Other factors influencing opioid treatment outcome

Patients recently or currently receiving radiotherapy and/or chemotherapy were excluded in 20 of 34 trials. Whether patients receiving oncological treatment which may influence pain should be excluded from drug trials on cancer pain depends on the trial design. In studies of long duration, that is, several days or longer, including these patients is a confounding factor. In short studies, for example those examining the effect of short-acting rescue medication for breakthrough pain, including such patients should not be a problem.

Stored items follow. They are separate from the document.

(* Let $\mathcal{X}=(X,dX)$ be a directed space. On the set of traces of $\mathcal{X}$, define $f\leq g$ if and only if there exist traces $u,v$ with $g=u\star f\star v$. Then $\leq$ is a preorder. If moreover $\mathcal{X}$ is a pospace (with its increasing paths as dipaths), then $\leq$ is a partial order.
   Context: A directed space $\mathcal{X}=(X,dX)$ is a topological space $X$ with a set $dX$ of continuous paths $[0,1]\to X$ (dipaths) containing constant paths, closed under monotone reparametrization and under concatenation. A trace is the equivalence class of a dipath modulo monotone reparametrization, and concatenation $\star$ of (composable) traces is induced by concatenation of dipaths. A pospace is a Hausdorff space $X$ with a partial order $\leq_X$ that is closed in $X\times X$; it is regarded as a directed space whose dipaths are the continuous order-preserving maps $[0,1]\to X$ ($[0,1]$ with its usual order). *)

theory Defs
  imports "HOL-Analysis.Analysis"
begin

text \<open>Paths are functions real => 'a; only their values on [0,1] are relevant.\<close>

definition dpath_cat :: "(real \<Rightarrow> 'a) \<Rightarrow> (real \<Rightarrow> 'a) \<Rightarrow> real \<Rightarrow> 'a" where
  "dpath_cat p q = (\<lambda>t. if t \<le> 1/2 then p (2 * t) else q (2 * t - 1))"

definition mono_reparam :: "(real \<Rightarrow> real) \<Rightarrow> bool" where
  "mono_reparam \<phi> \<longleftrightarrow> continuous_on {0..1} \<phi> \<and> \<phi> ` {0..1} \<subseteq> {0..1} \<and> mono_on {0..1} \<phi>"

definition is_path :: "'a topology \<Rightarrow> (real \<Rightarrow> 'a) \<Rightarrow> bool" where
  "is_path X p \<longleftrightarrow> continuous_map (top_of_set {0..1}) X p"

definition dspace :: "'a topology \<Rightarrow> (real \<Rightarrow> 'a) set \<Rightarrow> bool" where
  "dspace X dX \<longleftrightarrow>
     (\<forall>p\<in>dX. is_path X p) \<and>
     (\<forall>x\<in>topspace X. (\<lambda>t. x) \<in> dX) \<and>
     (\<forall>p\<in>dX. \<forall>\<phi>. mono_reparam \<phi> \<longrightarrow> p \<circ> \<phi> \<in> dX) \<and>
     (\<forall>p\<in>dX. \<forall>q\<in>dX. p 1 = q 0 \<longrightarrow> dpath_cat p q \<in> dX)"

definition reparam_step :: "(real \<Rightarrow> 'a) \<Rightarrow> (real \<Rightarrow> 'a) \<Rightarrow> bool" where
  "reparam_step p q \<longleftrightarrow> (\<exists>\<phi>. mono_reparam \<phi> \<and> \<phi> ` {0..1} = {0..1} \<and>
                              (\<forall>t\<in>{0..1}. q t = p (\<phi> t)))"

definition trace_eq :: "(real \<Rightarrow> 'a) set \<Rightarrow> (real \<Rightarrow> 'a) \<Rightarrow> (real \<Rightarrow> 'a) \<Rightarrow> bool" where
  "trace_eq dX = equivclp (\<lambda>p q. p \<in> dX \<and> q \<in> dX \<and> reparam_step p q)"

definition traces :: "(real \<Rightarrow> 'a) set \<Rightarrow> (real \<Rightarrow> 'a) set set" where
  "traces dX = dX // {(p, q). p \<in> dX \<and> q \<in> dX \<and> trace_eq dX p q}"

definition trace_src :: "(real \<Rightarrow> 'a) set \<Rightarrow> 'a" where
  "trace_src F = (SOME p. p \<in> F) 0"

definition trace_tgt :: "(real \<Rightarrow> 'a) set \<Rightarrow> 'a" where
  "trace_tgt F = (SOME p. p \<in> F) 1"

definition trace_cat :: "(real \<Rightarrow> 'a) set \<Rightarrow> (real \<Rightarrow> 'a) set \<Rightarrow> (real \<Rightarrow> 'a) set \<Rightarrow> (real \<Rightarrow> 'a) set" where
  "trace_cat dX F G = {r \<in> dX. \<exists>p\<in>F. \<exists>q\<in>G. p 1 = q 0 \<and> trace_eq dX r (dpath_cat p q)}"
lemma orthogonal_increments_bounded_inner:
  fixes e c :: "nat \<Rightarrow> 'a \<Rightarrow> real ^ 'p"
  assumes e_measurable: "\<And>j t. (\<lambda>x. e j x $ t) \<in> borel_measurable (F (Suc j))"
    and e_square_integrable: "\<And>j t. integrable M (\<lambda>x. (e j x $ t)\<^sup>2)"
    and e_orthogonal: "\<And>j t Z. Z \<in> borel_measurable (F j) \<Longrightarrow> integrable M (\<lambda>x. (Z x)\<^sup>2) \<Longrightarrow>
      (\<integral>x. Z x * e j x $ t \<partial>M) = 0"
    and c_measurable: "\<And>j. c j \<in> borel_measurable (F j)"
    and c_bounded: "\<And>j x. norm (c j x) \<le> B"
  shows "orthogonal_increments M F (\<lambda>j x. c j x \<bullet> e j x)"
proof (rule orthogonal_increments.intro[OF filtered_prob_space_axioms orthogonal_increments_axioms.intro])
  have inner_sum: "c j x \<bullet> e j x = (\<Sum>t\<in>UNIV. c j x $ t * e j x $ t)" for j x
    by (simp add: inner_vec_def)
  have [measurable]: "c j \<in> borel_measurable M" for j
    by (rule measurable_filtration_imp_measurable[OF c_measurable])
  have c_nth_bounded: "\<bar>c j x $ t\<bar> \<le> B" for j x t
    using component_le_norm_cart c_bounded order_trans by blast
  show inner_F: "(\<lambda>x. c j x \<bullet> e j x) \<in> borel_measurable (F (Suc j))" for j
  proof -
    have [measurable]: "c j \<in> borel_measurable (F (Suc j))"
      using measurable_filtration_mono[OF c_measurable] by simp
    have [measurable]: "(\<lambda>x. e j x $ t) \<in> borel_measurable (F (Suc j))" for t
      by (rule e_measurable)
    show ?thesis unfolding inner_sum by measurable
  qed
  show "integrable M (\<lambda>x. (c j x \<bullet> e j x)\<^sup>2)" for j
  proof (rule Bochner_Integration.integrable_bound[of _ "\<lambda>x. B\<^sup>2 * (norm (e j x))\<^sup>2"])
    show "integrable M (\<lambda>x. B\<^sup>2 * (norm (e j x))\<^sup>2)"
      unfolding power2_norm_vec using e_square_integrable by simp
    show "AE x in M. norm ((c j x \<bullet> e j x)\<^sup>2) \<le> norm (B\<^sup>2 * (norm (e j x))\<^sup>2)"
      using power2_inner_le_bounded[OF c_bounded] by simp
    show "(\<lambda>x. (c j x \<bullet> e j x)\<^sup>2) \<in> borel_measurable M"
      using measurable_filtration_imp_measurable[OF inner_F] by measurable
  qed
  show "(\<integral>x. Z x * (c j x \<bullet> e j x) \<partial>M) = 0"
    if Z_F: "Z \<in> borel_measurable (F j)" and Z_sq: "integrable M (\<lambda>x. (Z x)\<^sup>2)" for Z j
  proof -
    have [measurable]: "Z \<in> borel_measurable M" by (rule measurable_filtration_imp_measurable[OF Z_F])
    have cZ_F: "(\<lambda>x. c j x $ t * Z x) \<in> borel_measurable (F j)" for t
      using Z_F c_measurable by measurable
    have cZ_sq: "integrable M (\<lambda>x. (c j x $ t * Z x)\<^sup>2)" for t
      by (rule integrable_square_bounded_mult[OF _ _ Z_sq c_nth_bounded]) simp_all
    have "(\<integral>x. Z x * (c j x \<bullet> e j x) \<partial>M) = (\<integral>x. (\<Sum>t\<in>UNIV. (c j x $ t * Z x) * e j x $ t) \<partial>M)"
      unfolding inner_sum by (simp add: sum_distrib_left ac_simps)
    also have "\<dots> = (\<Sum>t\<in>UNIV. \<integral>x. (c j x $ t * Z x) * e j x $ t \<partial>M)"
      by (rule Bochner_Integration.integral_sum,
          rule integrable_mult_of_square_integrable[OF _ _ cZ_sq e_square_integrable])
        (auto intro: measurable_filtration_imp_measurable[OF e_measurable])
    also have "\<dots> = 0" using e_orthogonal[OF cZ_F cZ_sq] by simp
    finally show ?thesis .
  qed
qed
(* Let $F$ be a semi-flow on a connected metrizable space $X$ and let $S$ be an $F$-stream. Then, for every $x\in X$: (1) $\mathrm{Down}_S(x)\supset\mathcal{O}_F(x)\cup\mathrm{Down}_S(\Omega_F(x))$; (2) $\mathrm{Down}_S(x)\supset\mathcal{O}_F(x)\cup\mathrm{Down}_S(y)$ for all $y\in\mathcal{O}_F(x)$.
   Context: A semi-flow on $X$ is a continuous map $F:\mathbb{T}\times X\to X$, $(t,x)\mapsto F^t(x)$, where $\mathbb{T}=\{0,1,2,\dots\}$ or $[0,\infty)$, with $F^0=\mathrm{id}$ and $F^{t_1+t_2}=F^{t_2}\circ F^{t_1}$. Put $\mathcal{O}_F(x)=\{F^t(x):t\in\mathbb{T}\}$ and $\mathcal{O}_F=\{(x,y):y\in\mathcal{O}_F(x)\}$. $\Omega_F(x)$ is the set of limits of $F^{t_n}(x)$ with $t_n\to\infty$. An $F$-stream is a reflexive, transitive relation $S\subset X\times X$ that is closed in $X\times X$ and contains $\mathcal{O}_F$. $\mathrm{Down}_S(x)=\{y:(x,y)\in S\}$ and $\mathrm{Down}_S(M)=\bigcup_{z\in M}\mathrm{Down}_S(z)$. *)

theory Defs
  imports "HOL-Analysis.Analysis"
begin

definition time_domain :: "real set \<Rightarrow> bool" where
  "time_domain T \<longleftrightarrow> T = {t. \<exists>n::nat. t = real n} \<or> T = {0..}"

definition semiflow :: "real set \<Rightarrow> (real \<Rightarrow> 'a::topological_space \<Rightarrow> 'a) \<Rightarrow> bool" where
  "semiflow T F \<longleftrightarrow> time_domain T
     \<and> continuous_on (T \<times> UNIV) (\<lambda>(t, x). F t x)
     \<and> (\<forall>x. F 0 x = x)
     \<and> (\<forall>t1\<in>T. \<forall>t2\<in>T. \<forall>x. F (t1 + t2) x = F t2 (F t1 x))"

definition orbit :: "real set \<Rightarrow> (real \<Rightarrow> 'a \<Rightarrow> 'a) \<Rightarrow> 'a \<Rightarrow> 'a set" where
  "orbit T F x = {F t x | t. t \<in> T}"

definition orbit_rel :: "real set \<Rightarrow> (real \<Rightarrow> 'a \<Rightarrow> 'a) \<Rightarrow> ('a \<times> 'a) set" where
  "orbit_rel T F = {(x, y). y \<in> orbit T F x}"

definition omega_limit :: "real set \<Rightarrow> (real \<Rightarrow> 'a::topological_space \<Rightarrow> 'a) \<Rightarrow> 'a \<Rightarrow> 'a set" where
  "omega_limit T F x = {y. \<exists>ts::nat \<Rightarrow> real. (\<forall>n. ts n \<in> T) \<and> filterlim ts at_top sequentially
       \<and> ((\<lambda>n. F (ts n) x) \<longlongrightarrow> y) sequentially}"

definition stream :: "real set \<Rightarrow> (real \<Rightarrow> 'a::topological_space \<Rightarrow> 'a) \<Rightarrow> ('a \<times> 'a) set \<Rightarrow> bool" where
  "stream T F S \<longleftrightarrow> refl S \<and> trans S \<and> closed S \<and> orbit_rel T F \<subseteq> S"

definition Down :: "('a \<times> 'a) set \<Rightarrow> 'a \<Rightarrow> 'a set" where
  "Down S x = {y. (x, y) \<in> S}"

definition Down_set :: "('a \<times> 'a) set \<Rightarrow> 'a set \<Rightarrow> 'a set" where
  "Down_set S M = (\<Union>z\<in>M. Down S z)"

end

theory Submission
  imports Defs
begin

text \<open>Every point of the orbit of \<open>x\<close> is downstream of \<open>x\<close> because the stream contains the
  orbit relation; every \<open>\<omega>\<close>-limit point is a limit of orbit points, hence downstream of \<open>x\<close>
  because the stream is closed; and by transitivity everything downstream of such a point is
  downstream of \<open>x\<close>.\<close>

lemma Down_mono:
  assumes "trans S" and "(x, y) \<in> S"
  shows "Down S y \<subseteq> Down S x"
  using assms unfolding Down_def by (auto elim: transE)

lemma Down_set_subset_Down:
  assumes "trans S" and "M \<subseteq> Down S x"
  shows "Down_set S M \<subseteq> Down S x"
  using assms Down_mono unfolding Down_set_def Down_def by fastforce

lemma orbit_subset_Down:
  assumes "orbit_rel T F \<subseteq> S"
  shows "orbit T F x \<subseteq> Down S x"
  using assms unfolding orbit_rel_def Down_def by auto

lemma omega_limit_subset_Down:
  assumes "closed S" and "orbit_rel T F \<subseteq> S"
  shows "omega_limit T F x \<subseteq> Down S x"
proof
  fix y assume "y \<in> omega_limit T F x"
  then obtain ts where ts_in_T: "\<And>n. ts n \<in> T"
    and lim: "((\<lambda>n. F (ts n) x) \<longlongrightarrow> y) sequentially"
    unfolding omega_limit_def by blast
  have orbit_points: "(x, F (ts n) x) \<in> S" for n
    using assms(2) ts_in_T unfolding orbit_rel_def orbit_def by blast
  have "((\<lambda>n. (x, F (ts n) x)) \<longlongrightarrow> (x, y)) sequentially"
    using lim by (intro tendsto_Pair tendsto_const)
  then have "(x, y) \<in> S"
    by (rule closed_sequentially[OF \<open>closed S\<close> orbit_points])
  then show "y \<in> Down S x"
    unfolding Down_def by simp
qed

theorem proposition18:
  fixes T :: "real set" and F :: "real \<Rightarrow> 'a::metric_space \<Rightarrow> 'a" and S :: "('a \<times> 'a) set"
  assumes "connected (UNIV :: 'a set)"
    and "semiflow T F"
    and "stream T F S"
  shows "\<forall>x. (orbit T F x \<union> Down_set S (omega_limit T F x) \<subseteq> Down S x)
            \<and> (\<forall>y\<in>orbit T F x. orbit T F x \<union> Down S y \<subseteq> Down S x)"
proof (intro allI conjI ballI)
  fix x
  have "trans S" "closed S" and orbit_rel: "orbit_rel T F \<subseteq> S"
    using \<open>stream T F S\<close> unfolding stream_def by simp_all
  have orbit: "orbit T F x \<subseteq> Down S x"
    using orbit_rel by (rule orbit_subset_Down)
  have "Down_set S (omega_limit T F x) \<subseteq> Down S x"
    using \<open>trans S\<close> omega_limit_subset_Down[OF \<open>closed S\<close> orbit_rel]
    by (rule Down_set_subset_Down)
  with orbit show "orbit T F x \<union> Down_set S (omega_limit T F x) \<subseteq> Down S x"
    by simp
  fix y assume "y \<in> orbit T F x"
  then have "(x, y) \<in> S"
    using orbit unfolding Down_def by blast
  with \<open>trans S\<close> have "Down S y \<subseteq> Down S x"
    by (rule Down_mono)
  with orbit show "orbit T F x \<union> Down S y \<subseteq> Down S x"
    by simp
qed

end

A number of other factors, including gender, diurnal variation, pharmacogenetics and opioid pharmacokinetics, may influence the cancer patient's experience of pain and the outcome of opioid therapy. While it is not possible to control for all these variables, some simple measures are available and useful, such as matching groups for gender and controlling plasma opioid concentration at steady state.

Trial funding

The majority of studies were funded by the pharmaceutical industry. This may represent a source of bias, since research questions of interest for the industry, for example comparing two formulations of the same opioid, may not necessarily coincide with questions of importance for the clinician.

Conclusions and recommendations for future research

Pain is a subjective experience that is affected by many different factors. This makes pain difficult to measure and clinical pain research a challenge. The challenge is even greater in a palliative-care setting where there are special standards of care to maintain, and numerous potential confounding factors.

The data support the clinical experience that it is difficult to perform high-quality scientific trials in palliative-care pain patients. However, it is important to maintain scientific rigour and to ensure that research questions that are relevant to clinical practice are asked.

A number of methodological problems have been identified, including low trial sensitivity, too small trial size and lack of standardised measures of efficacy. Placebo-controlled efficacy trials of oral opioids for cancer pain are lacking. A placebo control is feasible in selected trials. It is important to know which type of pain is being treated and there should be a common definition of opioid efficacy. Psychological factors can influence the experience of pain and should be assessed and reported. A number of other factors have the potential for influencing opioid response, and future research should involve identifying and controlling for such factors.

Having analysed the literature we conclude that there is a need for standardisation and uniformity of design and reporting of trials. Trials must be designed to produce reliable results. This cannot be accomplished by a single researcher, but requires the collaboration of experts in several fields.

The standard opioid trial design

We propose a consensus meeting where pain researchers, systematic reviewers in pain relief, palliative-care physicians, oncologists, epidemiologists/statisticians and pain psychologists are represented. The objective of such a meeting would be to produce a standard trial design, or set of trials, for opioids in cancer pain. In addition, a checklist for the performance of trials, based on tailor-made validity scores for cancer pain (Antczak et al, 1986a, 1986b). The document produced could then be submitted to specialist organizations which have a focus on trial methodology, for example the International Association for the Study of Pain (IASP) and the European Association for Palliative Care (EAPC), and subject to approval, made available on the respective websites. The development and dissemination of a standardised trial, together with checklist for trial performance, will help researchers to plan trials, improve study quality and validity and enable the combination of data from separate trials.